The first author conducted a literature search assisted by the librarian of the Leiden University Medical Centre. The following query was used to search the pubmed database: (“rating scale” [tw] OR “rating scales” [tw] OR “Visual Analog Scale” [Mesh] OR Visual Analogue Scale* [tw] OR Visual Analog Scale* [tw] OR “scale” [tw] OR “scales” [tw] OR scaling* [tw] OR rating* [tw] OR scoring* [tw] OR “score” [tw] OR “scores” [tw] OR “scored” [tw] OR “grading” [tw] OR “grade” [tw] OR “graded” [tw]) AND (“surgical conditions” [tw] OR “surgical condition” [tw] OR “operating conditions” [tw] OR “operating condition” [tw] OR “surgical quality” [tw] OR “surgery quality” [tw] OR “surgical field” [tw]).
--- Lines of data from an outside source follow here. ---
theorem mainTheorem3:
  fixes q q' :: "nat \<Rightarrow> hquat"
  assumes "distinct [q 1, q 2, q 3, q 4, q 5]"
    and "distinct [q' 1, q' 2, q' 3, q' 4, q' 5]"
  shows "(\<exists>T. is_flt T \<and> (\<forall>n\<in>{1..5}. T (q n) = q' n)) \<longleftrightarrow>
         (\<exists>a::quat. a \<noteq> 0 \<and>
            cross_ratio (q' 1) (q' 2) (q' 3) (q' 4) = a * cross_ratio (q 1) (q 2) (q 3) (q 4) * inverse a \<and>
            cross_ratio (q' 1) (q' 2) (q' 3) (q' 5) = a * cross_ratio (q 1) (q 2) (q 3) (q 5) * inverse a)"
proof -
  define z z' where "z n = cross_ratio (q 1) (q 2) (q 3) (q n)"
    and "z' n = cross_ratio (q' 1) (q' 2) (q' 3) (q' n)" for n
  have "distinct [q 1, q 2, q 3]" "distinct [q' 1, q' 2, q' 3]"
    using assms by simp_all
  then obtain N N' where N: "is_flt N" "N (q 1) = Some 0" "N (q 2) = Some 1" "N (q 3) = None"
    and N_cross_ratio: "\<And>x. x \<notin> {q 1, q 2, q 3} \<Longrightarrow> N x = Some (cross_ratio (q 1) (q 2) (q 3) x)"
    and N': "is_flt N'" "N' (q' 1) = Some 0" "N' (q' 2) = Some 1" "N' (q' 3) = None"
    and N'_cross_ratio:
      "\<And>x. x \<notin> {q' 1, q' 2, q' 3} \<Longrightarrow> N' x = Some (cross_ratio (q' 1) (q' 2) (q' 3) x)"
    by (elim cross_ratio_chart) blast
  have "N (q n) = Some (z n)" "N' (q' n) = Some (z' n)" if "n \<in> {4, 5}" for n
    using that assms N_cross_ratio N'_cross_ratio by (auto simp: z_def z'_def)
  moreover have "{1..5} = {1, 2, 3, 4, 5::nat}" by auto
  ultimately have "(\<exists>T. is_flt T \<and> (\<forall>n\<in>{1..5}. T (q n) = q' n)) \<longleftrightarrow>
      (\<exists>S. is_flt S \<and> S None = None \<and> S (Some 0) = Some 0 \<and> S (Some 1) = Some 1 \<and>
        (\<forall>n\<in>{4, 5}. S (Some (z n)) = Some (z' n)))"
    using ex_flt_transport_iff[OF N(1) N'(1), of "{1..5}" q q'] N N' by (simp add: conj_ac)
  also have "\<dots> \<longleftrightarrow> (\<exists>a. a \<noteq> 0 \<and> (\<forall>n\<in>{4, 5}. z' n = a * z n * inverse a))"
    by (rule ex_flt_fixing_zero_one_infinity_iff)
  finally show ?thesis by (simp add: z_def z'_def)
qed

end
(* Let $s\in(0,1)$. Consider the eigenvalue problem for $v$ on $[0,\pi]$: $$\Big(\partial_\varphi^2+\frac{(1-2s)(1+2s)}{4}\frac{1}{\sin(\varphi)^2}-\frac{(1-2s)^2}{4}\Big)v=\lambda v \ \text{ in }[0,\pi],\qquad \lim_{\sin(\varphi)\to0}\sin(\varphi)^{1-2s}\partial_\varphi\big(\sin(\varphi)^{\frac{2s-1}{2}}v\big)=0 \ \text{ at } \varphi\in\{0,\pi\}.$$ Then the eigenvalues $\lambda$ of this problem (i.e. the values of $\lambda$ for which a nontrivial solution exists) are exactly $$\lambda_k=-\frac{(1-2s)^2}{4}-\Big(k-s+\frac12\Big)^2,\qquad k\in\mathbb{N}_{\ge0}.$$ *)

theory Defs
  imports "HOL-Analysis.Analysis"
begin

definition angular_op :: "real \<Rightarrow> (real \<Rightarrow> real) \<Rightarrow> real \<Rightarrow> real" where
  "angular_op s v phi =
     deriv (deriv v) phi + (1 - 2 * s) * (1 + 2 * s) / 4 * (1 / (sin phi)\<^sup>2) * v phi
     - (1 - 2 * s)\<^sup>2 / 4 * v phi"

definition bdry_quantity :: "real \<Rightarrow> (real \<Rightarrow> real) \<Rightarrow> real \<Rightarrow> real" where
  "bdry_quantity s v phi =
     sin phi powr (1 - 2 * s) * deriv (\<lambda>x. sin x powr ((2 * s - 1) / 2) * v x) phi"

definition is_eigenvalue :: "real \<Rightarrow> real \<Rightarrow> bool" where
  "is_eigenvalue s lam \<longleftrightarrow>
     (\<exists>v :: real \<Rightarrow> real.
        (\<forall>phi\<in>{0<..<pi}. v differentiable (at phi) \<and> deriv v differentiable (at phi)) \<and>
        (\<forall>phi\<in>{0<..<pi}. angular_op s v phi = lam * v phi) \<and>
        ((bdry_quantity s v \<longlongrightarrow> 0) (at_right 0)) \<and>
        ((bdry_quantity s v \<longlongrightarrow> 0) (at_left pi)) \<and>
        (\<exists>phi\<in>{0<..<pi}. v phi \<noteq> 0))"

end

theory Submission
  imports Defs "HOL-Computational_Algebra.Polynomial"
begin

text \<open>Put \<open>a = (1 - 2s)/2\<close>, so that the operator is \<open>v'' + a (1 - a) v / sin\<^sup>2 - a\<^sup>2 v\<close> and the
  boundary quantity is \<open>sin^a (v' - a cot \<cdot> v)\<close>. For \<open>v = sin^a \<cdot> P(cos)\<close> the eigenvalue equation
  becomes the Gegenbauer equation for \<open>P\<close>; its polynomial solution of degree \<open>k\<close> yields an
  eigenfunction with eigenvalue \<open>-a\<^sup>2 - (k + a)\<^sup>2\<close>, whose boundary quantity
  \<open>-sin^(2a + 1) \<cdot> P'(cos)\<close> vanishes at the endpoints since \<open>2a + 1 > 0\<close>.

  Conversely, let \<open>v\<close> be an eigenfunction whose eigenvalue is none of these. Integrating the boundary
  condition bounds \<open>sin^-a \<cdot> v\<close> by \<open>C + pi \<cdot> sin^-2a\<close> near the endpoints, so the Wronskian of \<open>v\<close>
  with each eigenfunction above tends to 0 there. By Green's identity \<open>sin^a \<cdot> v\<close> is orthogonal, as an
  improper integral, to every \<open>P(cos)\<close>, because the Gegenbauer polynomials span all polynomials.
  Approximating tent functions uniformly by such \<open>P(cos)\<close> then forces the bounded function
  \<open>sin^(a + 2) \<cdot> v\<close> to vanish.\<close>

section \<open>Gegenbauer polynomials\<close>

text \<open>Coefficients of a polynomial solution of degree \<open>k\<close> of the Gegenbauer equation
  \<open>(1 - y\<^sup>2) P'' - (2a + 1) y P' + k (k + 2a) P = 0\<close>, a multiple of the Gegenbauer polynomial
  \<open>C\<^sub>k\<^sup>(\<^sup>a\<^sup>)\<close>. The factor \<open>real m - real k\<close> stops the recursion at index \<open>k\<close>.\<close>
fun gegenbauer_coeff :: "real \<Rightarrow> nat \<Rightarrow> nat \<Rightarrow> real" where
  "gegenbauer_coeff a k 0 = (if even k then 1 else 0)"
| "gegenbauer_coeff a k (Suc 0) = (if even k then 0 else 1)"
| "gegenbauer_coeff a k (Suc (Suc m)) =
     (real m - real k) * (real m + real k + 2 * a) / ((real m + 2) * (real m + 1)) * gegenbauer_coeff a k m"
(* Let $n\ge 2$ and let $\alpha,\beta,x$ be independent random variables, each uniformly distributed on $\{0,\dots,2^n-1\}$. Let $c_i$ be the carry bit entering position $i$ of $\alpha+x$ (so $c_0=0$, $c_{i+1}=\mathrm{maj}(x_i,\alpha_i,c_i)$), and let $\tilde y=((\alpha\dotplus x)\oplus(\beta\dotplus x))\oplus\alpha\oplus\beta=\sum_{i=0}^{n-1}\tilde y_i2^i$. Then for every $i=0,\dots,n-1$, $$\Pr(c_i=1)=\frac{2^i-1}{2^{i+1}},\qquad \Pr(\tilde y_i=0)=\frac23+\frac{1}{3\cdot 4^i}.$$
   Context: $a\dotplus b=(a+b)\bmod 2^n$; $\oplus$ is bitwise XOR; $\mathrm{maj}(p,q,r)=(pq)\oplus(pr)\oplus(qr)$; $x_i,\alpha_i$ denote the $i$-th binary digits (bit $0$ least significant). *)

theory Defs
  imports "HOL-Probability.Probability"
begin

definition maj :: "bool \<Rightarrow> bool \<Rightarrow> bool \<Rightarrow> bool" where
  "maj p q r = (((p \<and> q) \<noteq> (p \<and> r)) \<noteq> (q \<and> r))"

fun carry :: "nat \<Rightarrow> nat \<Rightarrow> nat \<Rightarrow> bool" where
  "carry a x 0 = False"
| "carry a x (Suc i) = maj (bit x i) (bit a i) (carry a x i)"

definition addmod :: "nat \<Rightarrow> nat \<Rightarrow> nat \<Rightarrow> nat" where
  "addmod n a b = (a + b) mod 2 ^ n"

definition ytilde :: "nat \<Rightarrow> nat \<Rightarrow> nat \<Rightarrow> nat \<Rightarrow> nat" where
  "ytilde n a b x = xor (xor (xor (addmod n a x) (addmod n b x)) a) b"

definition unif :: "nat \<Rightarrow> nat pmf" where
  "unif n = pmf_of_set {0..<2 ^ n}"

end

theory Submission
  imports Defs
begin

(* The proof has three layers.
   (1) Bit arithmetic: the carry entering position i of a + x is set exactly when the
       low i bits of a and x overflow, i.e. 2^i <= a mod 2^i + x mod 2^i.  Hence bit i of
       a + x is a_i xor x_i xor c_i, and bit i of ytilde is the xor of the two carries
       c_i(a,x) and c_i(b,x).
   (2) Reduction to i-bit words: the low i bits of a uniform n-bit word are uniform on
       i bits, so both events have the probability they have for a, b, x uniform
       on {0..<N}, N = 2^i, where the carry condition reads N <= a + x.
   (3) Counting on {0..<N}^3: for fixed x exactly x values of a give a carry, so there are
       N * (0 + ... + (N-1)) carry triples and sum_x (x^2 + (N-x)^2) = N(2N^2+1)/3 triples
       in which the two carries agree. *)

(* One step of the carry recursion in arithmetic form: with low parts A, X < N and
   next digits p, q, the majority of (q, p, carry) is the overflow of the wider sums. *)
lemma maj_carry_step:
  fixes N A X p q :: nat
  assumes "A < N" "X < N" "p \<le> 1" "q \<le> 1"
  shows "maj (q = 1) (p = 1) (N \<le> A + X) \<longleftrightarrow> 2 * N \<le> (N * p + A) + (N * q + X)"
  using assms by (cases p; cases q) (auto simp: maj_def)

lemma carry_iff_low_sum: "carry a x i \<longleftrightarrow> 2 ^ i \<le> a mod 2 ^ i + x mod 2 ^ i"
proof (induction i)
  case 0
  show ?case by simp
next
  case (Suc i)
  have "a mod 2 ^ Suc i = 2 ^ i * (a div 2 ^ i mod 2) + a mod 2 ^ i"
    and "x mod 2 ^ Suc i = 2 ^ i * (x div 2 ^ i mod 2) + x mod 2 ^ i"
    by (simp_all only: power_Suc2 mod_mult2_eq)
  moreover have "bit a i \<longleftrightarrow> a div 2 ^ i mod 2 = 1" "bit x i \<longleftrightarrow> x div 2 ^ i mod 2 = 1"
    by (simp_all add: bit_nat_def odd_iff_mod_2_eq_one)
  ultimately show ?case
    using maj_carry_step[of "a mod 2 ^ i" "2 ^ i" "x mod 2 ^ i" "a div 2 ^ i mod 2" "x div 2 ^ i mod 2"]
    by (simp add: Suc mult.commute)
qed

lemma bit_add_carry: "bit (a + x) i \<longleftrightarrow> (bit a i \<noteq> (bit x i \<noteq> carry a x i))"
proof -
  have "a mod 2 ^ i < 2 ^ i" "x mod 2 ^ i < 2 ^ i" by simp_all
  then have "a mod 2 ^ i + x mod 2 ^ i < 2 * 2 ^ i" by linarith
  then have "(a mod 2 ^ i + x mod 2 ^ i) div 2 ^ i = of_bool (carry a x i)"
    unfolding carry_iff_low_sum by (cases "2 ^ i \<le> a mod 2 ^ i + x mod 2 ^ i") (simp_all add: div_nat_eqI)
  then have "(a + x) div 2 ^ i = a div 2 ^ i + x div 2 ^ i + of_bool (carry a x i)"
    by (simp only: div_add1_eq[of a x "2 ^ i"])
  then show ?thesis
    by (simp add: bit_nat_def) blast
qed

(* The masking by xor with a and b leaves exactly the difference of the two carries. *)
lemma bit_ytilde:
  assumes "i < n"
  shows "bit (ytilde n a b x) i \<longleftrightarrow> carry a x i \<noteq> carry b x i"
  using assms unfolding ytilde_def addmod_def
  by (simp add: bit_xor_iff take_bit_eq_mod[symmetric] bit_take_bit_iff bit_add_carry) argo

lemma carry_column_card:
  fixes N x :: nat
  assumes "x \<le> N"
  shows "card ({..<N} \<inter> {a. N \<le> a + x}) = x"
    and "card ({..<N} \<inter> {a. \<not> N \<le> a + x}) = N - x"
proof -
  have "{..<N} \<inter> {a. N \<le> a + x} = {N - x..<N}" "{..<N} \<inter> {a. \<not> N \<le> a + x} = {..<N - x}"
    using assms by auto
  then show "card ({..<N} \<inter> {a. N \<le> a + x}) = x" "card ({..<N} \<inter> {a. \<not> N \<le> a + x}) = N - x"
    using assms by simp_all
qed

lemma count_agreements_pair:
  fixes A :: "'a set"
  assumes "finite A"
  shows "(\<Sum>a\<in>A. \<Sum>b\<in>A. of_bool (Q a = Q b)) = card (A \<inter> {a. Q a}) ^ 2 + card (A \<inter> {a. \<not> Q a}) ^ 2"
proof -
  have "(\<Sum>b\<in>A. of_bool (Q a = Q b)) = (if Q a then card (A \<inter> {b. Q b}) else card (A \<inter> {b. \<not> Q b}))" for a
    using assms by simp
  then have "(\<Sum>a\<in>A. \<Sum>b\<in>A. of_bool (Q a = Q b))
      = (\<Sum>a\<in>A. if Q a then card (A \<inter> {b. Q b}) else card (A \<inter> {b. \<not> Q b}))"
    by simp
  also have "\<dots> = card (A \<inter> {a. Q a}) ^ 2 + card (A \<inter> {a. \<not> Q a}) ^ 2"
    using assms by (simp add: sum.If_cases power2_eq_square Compl_eq)
  finally show ?thesis .
qed

lemma sum_squares_consecutive:
  fixes N :: nat
  shows "3 * (\<Sum>x<N. x ^ 2 + (x + 1) ^ 2) = N * (2 * N * N + 1)"
  by (induction N) (simp_all add: algebra_simps power2_eq_square)

(* Gauss' formula, stated without subtraction. *)
lemma gauss_sum_double:
  fixes N :: nat
  shows "2 * (\<Sum>x<N. x) + N = N * N"
  by (induction N) (simp_all add: algebra_simps)

lemma count_carries:
  fixes N :: nat
  shows "2 * (\<Sum>a<N. \<Sum>b<N. \<Sum>x<N. of_bool (N \<le> a + x)) + N * N = N * N * N"
proof -
  have "(\<Sum>a<N. \<Sum>b<N. \<Sum>x<N. of_bool (N \<le> a + x)) = N * (\<Sum>a<N. \<Sum>x<N. of_bool (N \<le> a + x))"
    by (simp only: sum_constant card_lessThan of_nat_id sum_distrib_left)
  also have "\<dots> = N * (\<Sum>x<N. \<Sum>a<N. of_bool (N \<le> a + x))"
    by (subst sum.swap) (rule refl)
  also have "\<dots> = N * (\<Sum>x<N. x)"
    by (intro arg_cong[where f="(*) N"] sum.cong) (simp_all add: carry_column_card)
  finally have "2 * (\<Sum>a<N. \<Sum>b<N. \<Sum>x<N. of_bool (N \<le> a + x)) + N * N = N * (2 * (\<Sum>x<N. x) + N)"
    by (simp add: algebra_simps)
  then show ?thesis
    by (simp only: gauss_sum_double mult.assoc)
qed

lemma count_agreements:
  fixes N :: nat
  shows "3 * (\<Sum>a<N. \<Sum>b<N. \<Sum>x<N. of_bool ((N \<le> a + x) = (N \<le> b + x))) = N * (2 * N * N + 1)"
proof -
  have "(\<Sum>a<N. \<Sum>b<N. \<Sum>x<N. of_bool ((N \<le> a + x) = (N \<le> b + x)))
      = (\<Sum>x<N. \<Sum>a<N. \<Sum>b<N. of_bool ((N \<le> a + x) = (N \<le> b + x)))"
    by (subst sum.swap, subst (2) sum.swap) (rule refl)
  also have "\<dots> = (\<Sum>x<N. x ^ 2 + (N - x) ^ 2)"
  proof (rule sum.cong[OF refl])
    fix x assume "x \<in> {..<N}"
    then show "(\<Sum>a<N. \<Sum>b<N. of_bool ((N \<le> a + x) = (N \<le> b + x))) = x ^ 2 + (N - x) ^ 2"
      using count_agreements_pair[of "{..<N}" "\<lambda>a. N \<le> a + x"] carry_column_card[of x N]
      by simp
  qed
  also have "(\<Sum>x<N. (N - x) ^ 2) = (\<Sum>x<N. (x + 1) ^ 2)"
    using sum.nat_diff_reindex[of "\<lambda>k. (k + 1) ^ 2" N] by (simp add: Suc_diff_Suc)
  then have "(\<Sum>x<N. x ^ 2 + (N - x) ^ 2) = (\<Sum>x<N. x ^ 2 + (x + 1) ^ 2)"
    by (simp add: sum.distrib)
  finally show ?thesis
    using sum_squares_consecutive[of N] by simp
qed

lemma pair_pmf_of_set:
  assumes "finite A" "A \<noteq> {}" "finite B" "B \<noteq> {}"
  shows "pair_pmf (pmf_of_set A) (pmf_of_set B) = pmf_of_set (A \<times> B)"
proof (rule pmf_eqI)
  fix z :: "'a \<times> 'b"
  show "pmf (pair_pmf (pmf_of_set A) (pmf_of_set B)) z = pmf (pmf_of_set (A \<times> B)) z"
    using assms by (cases z) (simp add: pmf_pair card_cartesian_product indicator_def)
qed

(* The low i bits of a uniform n-bit word are uniform on i bits: a is in bijection
   with the pair (a div 2^i, a mod 2^i), and the second component is uniform. *)
lemma unif_low_bits:
  assumes "i \<le> n"
  shows "map_pmf (\<lambda>a. a mod 2 ^ i) (unif n) = unif i"
proof -
  define hi_lo where "hi_lo a = (a div 2 ^ i, a mod 2 ^ i)" for a :: nat
  have two_pow_n: "(2::nat) ^ n = 2 ^ (n - i) * 2 ^ i"
    using assms by (simp add: power_add[symmetric])
  have "inj_on hi_lo {..<2 ^ n}"
    by (rule inj_onI) (metis hi_lo_def prod.inject div_mult_mod_eq)
  moreover have "hi_lo ` {..<2 ^ n} = {..<2 ^ (n - i)} \<times> {..<2 ^ i}"
  proof
    show "hi_lo ` {..<2 ^ n} \<subseteq> {..<2 ^ (n - i)} \<times> {..<2 ^ i}"
      by (auto simp: hi_lo_def two_pow_n less_mult_imp_div_less)
    show "{..<2 ^ (n - i)} \<times> {..<2 ^ i} \<subseteq> hi_lo ` {..<2 ^ n}"
    proof clarify
      fix q r :: nat
      assume q: "q < 2 ^ (n - i)" and r: "r < 2 ^ i"
      have "q * 2 ^ i + r < (q + 1) * 2 ^ i" using r by simp
      also have "\<dots> \<le> 2 ^ n" unfolding two_pow_n using q by (intro mult_right_mono) simp_all
      finally have "q * 2 ^ i + r \<in> {..<2 ^ n}" by simp
      moreover have "hi_lo (q * 2 ^ i + r) = (q, r)" using r by (simp add: hi_lo_def)
      ultimately show "(q, r) \<in> hi_lo ` {..<2 ^ n}" by (metis image_eqI)
    qed
  qed
  ultimately have "map_pmf hi_lo (unif n) = pair_pmf (unif (n - i)) (unif i)"
    unfolding unif_def atLeast0LessThan
    by (simp add: map_pmf_of_set_inj pair_pmf_of_set lessThan_empty_iff)
  then have "map_pmf snd (map_pmf hi_lo (unif n)) = unif i"
    by (simp only: map_snd_pair_pmf)
  then show ?thesis
    by (simp add: pmf.map_comp comp_def hi_lo_def)
qed

lemma prob_low_bits:
  assumes "i \<le> n"
  shows "measure_pmf.prob (pair_pmf (unif n) (pair_pmf (unif n) (unif n)))
           {(a, b, x). P (a mod 2 ^ i) (b mod 2 ^ i) (x mod 2 ^ i)}
       = measure_pmf.prob (pair_pmf (unif i) (pair_pmf (unif i) (unif i))) {(a, b, x). P a b x}"
proof -
  define low where "low a = a mod 2 ^ i" for a :: nat
  have "map_pmf (map_prod low (map_prod low low)) (pair_pmf (unif n) (pair_pmf (unif n) (unif n)))
      = pair_pmf (unif i) (pair_pmf (unif i) (unif i))"
    unfolding map_prod_def map_pair low_def unif_low_bits[OF assms] ..
  moreover have "{(a, b, x). P (a mod 2 ^ i) (b mod 2 ^ i) (x mod 2 ^ i)}
      = map_prod low (map_prod low low) -` {(a, b, x). P a b x}"
    by (auto simp: low_def)
  ultimately show ?thesis
    by (metis measure_map_pmf)
qed

lemma prob_unif_count:
  "measure_pmf.prob (pair_pmf (unif i) (pair_pmf (unif i) (unif i))) {(a, b, x). P a b x}
     = real (\<Sum>a<2 ^ i. \<Sum>b<2 ^ i. \<Sum>x<2 ^ i. of_bool (P a b x)) / 8 ^ i"
proof -
  let ?A = "{..<(2::nat) ^ i}"
  have A: "finite ?A" "?A \<noteq> {}" by (simp_all add: lessThan_empty_iff)
  have "pair_pmf (unif i) (pair_pmf (unif i) (unif i)) = pmf_of_set (?A \<times> ?A \<times> ?A)"
    using A unfolding unif_def atLeast0LessThan by (simp add: pair_pmf_of_set)
  moreover have "card (?A \<times> ?A \<times> ?A \<inter> {(a, b, x). P a b x}) = (\<Sum>a\<in>?A. \<Sum>b\<in>?A. \<Sum>x\<in>?A. of_bool (P a b x))"
  proof -
    have "card (?A \<times> ?A \<times> ?A \<inter> {(a, b, x). P a b x})
        = (\<Sum>z\<in>?A \<times> ?A \<times> ?A \<inter> {(a, b, x). P a b x}. 1)"
      by simp
    also have "\<dots> = (\<Sum>z\<in>?A \<times> ?A \<times> ?A. if z \<in> {(a, b, x). P a b x} then 1 else 0)"
      by (intro sum.inter_restrict) simp
    also have "\<dots> = (\<Sum>a\<in>?A. \<Sum>b\<in>?A. \<Sum>x\<in>?A. if P a b x then 1 else 0)"
      by (simp add: sum.cartesian_product case_prod_beta)
    finally show ?thesis
      by (simp only: of_bool_def)
  qed
  moreover have "card (?A \<times> ?A \<times> ?A) = 8 ^ i"
    by (simp add: card_cartesian_product power_mult_distrib[symmetric])
  ultimately show ?thesis
    using A by (simp add: measure_pmf_of_set)
qed

lemma eight_power: "(8::real) ^ i = (2 ^ i) ^ 3"
  by (simp add: power3_eq_cube power_mult_distrib[symmetric])

lemma ratio_carries:
  fixes c r :: real
  assumes "r > 0" "2 * c + r * r = r * r * r"
  shows "c / r ^ 3 = (r - 1) / (2 * r)"
proof -
  have "c = r * r * (r - 1) / 2" using assms(2) by (simp add: algebra_simps)
  then show ?thesis using assms(1) by (simp add: field_simps power3_eq_cube)
qed

lemma ratio_agreements:
  fixes c r :: real
  assumes "r > 0" "3 * c = r * (2 * r * r + 1)"
  shows "c / r ^ 3 = 2 / 3 + 1 / (3 * r ^ 2)"
proof -
  have "c = r * (2 * r * r + 1) / 3" using assms(2) by simp
  then show ?thesis using assms(1) by (simp add: field_simps power3_eq_cube power2_eq_square)
qed

lemma prob_carry:
  assumes "i \<le> n"
  shows "measure_pmf.prob (pair_pmf (unif n) (pair_pmf (unif n) (unif n))) {(a, b, x). carry a x i}
       = (2 ^ i - 1) / 2 ^ (i + 1)"
proof -
  let ?N = "2 ^ i :: nat"
  let ?C = "\<Sum>a<?N. \<Sum>b<?N. \<Sum>x<?N. of_bool (?N \<le> a + x) :: nat"
  have "measure_pmf.prob (pair_pmf (unif n) (pair_pmf (unif n) (unif n))) {(a, b, x). carry a x i}
      = real ?C / 8 ^ i"
    using prob_low_bits[OF assms, of "\<lambda>a b x. ?N \<le> a + x"]
    by (simp only: carry_iff_low_sum prob_unif_count)
  also have "\<dots> = (2 ^ i - 1) / (2 * 2 ^ i)"
  proof -
    have "2 * real ?C + 2 ^ i * 2 ^ i = 2 ^ i * 2 ^ i * 2 ^ i"
      using arg_cong[where f = real, OF count_carries[of ?N]]
      by (simp only: of_nat_add of_nat_mult of_nat_numeral of_nat_power)
    then show ?thesis
      unfolding eight_power by (intro ratio_carries) simp_all
  qed
  finally show ?thesis
    by simp
qed

lemma prob_ytilde_bit_zero:
  assumes "i < n"
  shows "measure_pmf.prob (pair_pmf (unif n) (pair_pmf (unif n) (unif n))) {(a, b, x). \<not> bit (ytilde n a b x) i}
       = 2 / 3 + 1 / (3 * 4 ^ i)"
proof -
  let ?N = "2 ^ i :: nat"
  let ?C = "\<Sum>a<?N. \<Sum>b<?N. \<Sum>x<?N. of_bool ((?N \<le> a + x) = (?N \<le> b + x)) :: nat"
  have "measure_pmf.prob (pair_pmf (unif n) (pair_pmf (unif n) (unif n))) {(a, b, x). \<not> bit (ytilde n a b x) i}
      = real ?C / 8 ^ i"
    using prob_low_bits[of i n "\<lambda>a b x. (?N \<le> a + x) = (?N \<le> b + x)"] assms
    by (simp only: bit_ytilde carry_iff_low_sum prob_unif_count not_not less_imp_le)
  also have "\<dots> = 2 / 3 + 1 / (3 * (2 ^ i) ^ 2)"
  proof -
    have "3 * real ?C = 2 ^ i * (2 * 2 ^ i * 2 ^ i + 1)"
      using arg_cong[where f = real, OF count_agreements[of ?N]]
      by (simp only: of_nat_1 of_nat_add of_nat_mult of_nat_numeral of_nat_power)
    then show ?thesis
      unfolding eight_power by (intro ratio_agreements) simp_all
  qed
  finally show ?thesis
    by (simp add: power_mult_distrib[symmetric] power2_eq_square)
qed

theorem mainTheorem6:
  fixes n i :: nat
  assumes "n \<ge> 2" and "i < n"
  defines "M \<equiv> pair_pmf (unif n) (pair_pmf (unif n) (unif n))"
  shows "measure_pmf.prob M {(a, b, x). carry a x i} = (2 ^ i - 1) / 2 ^ (i + 1)
       \<and> measure_pmf.prob M {(a, b, x). \<not> bit (ytilde n a b x) i}
           = 2 / 3 + 1 / (3 * 4 ^ i)"
proof
  show "measure_pmf.prob M {(a, b, x). carry a x i} = (2 ^ i - 1) / 2 ^ (i + 1)"
    unfolding M_def using assms(2) by (intro prob_carry) simp
  show "measure_pmf.prob M {(a, b, x). \<not> bit (ytilde n a b x) i} = 2 / 3 + 1 / (3 * 4 ^ i)"
    unfolding M_def using assms(2) by (rule prob_ytilde_bit_zero)
qed

end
Embase and Web of Science were searched with a similar query containing the following terms: “rating scale”, “visual analogue scale” (included Mesh term), “scale”, “rating”, “scoring”, “score”, “grading”, “surgical conditions”, “operating conditions”, “surgical quality”, and “surgical field”. The databases were searched on the 20th may 2017, without date range limit. The results were screened on title and abstract by the first author. Relevant full text articles were retrieved and the reference lists of these articles were screened for any additional missed papers (snow ball method). After this first selection, the full texts of the selected articles were reviewed by the first and second author for inclusion in the review.

Study inclusion criteria

Studies included in this systematic review were limited to original randomised controlled trials, English language and full text availability through the Leiden University full text access service. Articles were included if the study (1) described a method to evaluate a surgical working condition or operating field or (2) applied a surgical rating scale for evaluation of surgical conditions in laparoscopic surgery. Included publications were assessed for the following items: type of rating scale, description of the scale items, number of raters, scoring moments, validation methods, and reporting of results.

Exclusion criteria

Reports that did not score surgical conditions as a whole, but only specific subparts such as “satisfaction of the surgeon”, were excluded.

Quality assessment of the rating scales

In general, the quality of a measurement instrument is critically dependent on its construct validity and reliability [9, 10]. Construct validity refers to the quality of the data based on the scores from a measurement instrument and whether it adequately represents the underlying construct (i.e. the surgical working conditions) [9]. For construct validity, the following domains are considered important: scale content, internal structure, response process, correlation to other variables, and clinical consequences [9,10,11]. These domains reflect both the internal quality of the rating instrument (scale content, internal structure, correlation to other variables) and how the rating instrument is used in practice (scoring methodology; response/rating process). To uniformly assess the quality of the identified SRSs in this review, an appraisal score was constructed. We are not aware of any pre-existing scores for the appraisal of surgical rating scales. In the appraisal score, relevant previously mentioned domains were translated into the following psychometric items: (1) scale length, (2) description of the scale items, (3) test–retest reliability, and (4) correlation with other variables (see Table 1). The appraisal score only assesses internal SRS quality; the scoring methodology is discussed separately. All SRSs were independently reviewed by the first and second author with the use of the appraisal score. Discrepancies were resolved by consensus. We will briefly explain the separate items of the appraisal score.

Table 1 Appraisal score used to grade the surgical rating scales

Length of the SRS

An SRS length of 5–7 items is considered optimal. Test–retest reliability, internal consistency, and discriminating power of scales with 5–7 items are generally superior to short scales (2–4 item points) or very large scales (> 10 item points) [12, 13]. In our appraisal score, scales with a length of 5–7 items received one point. Scales that contained less than 5 or more than 7 items were not granted any points.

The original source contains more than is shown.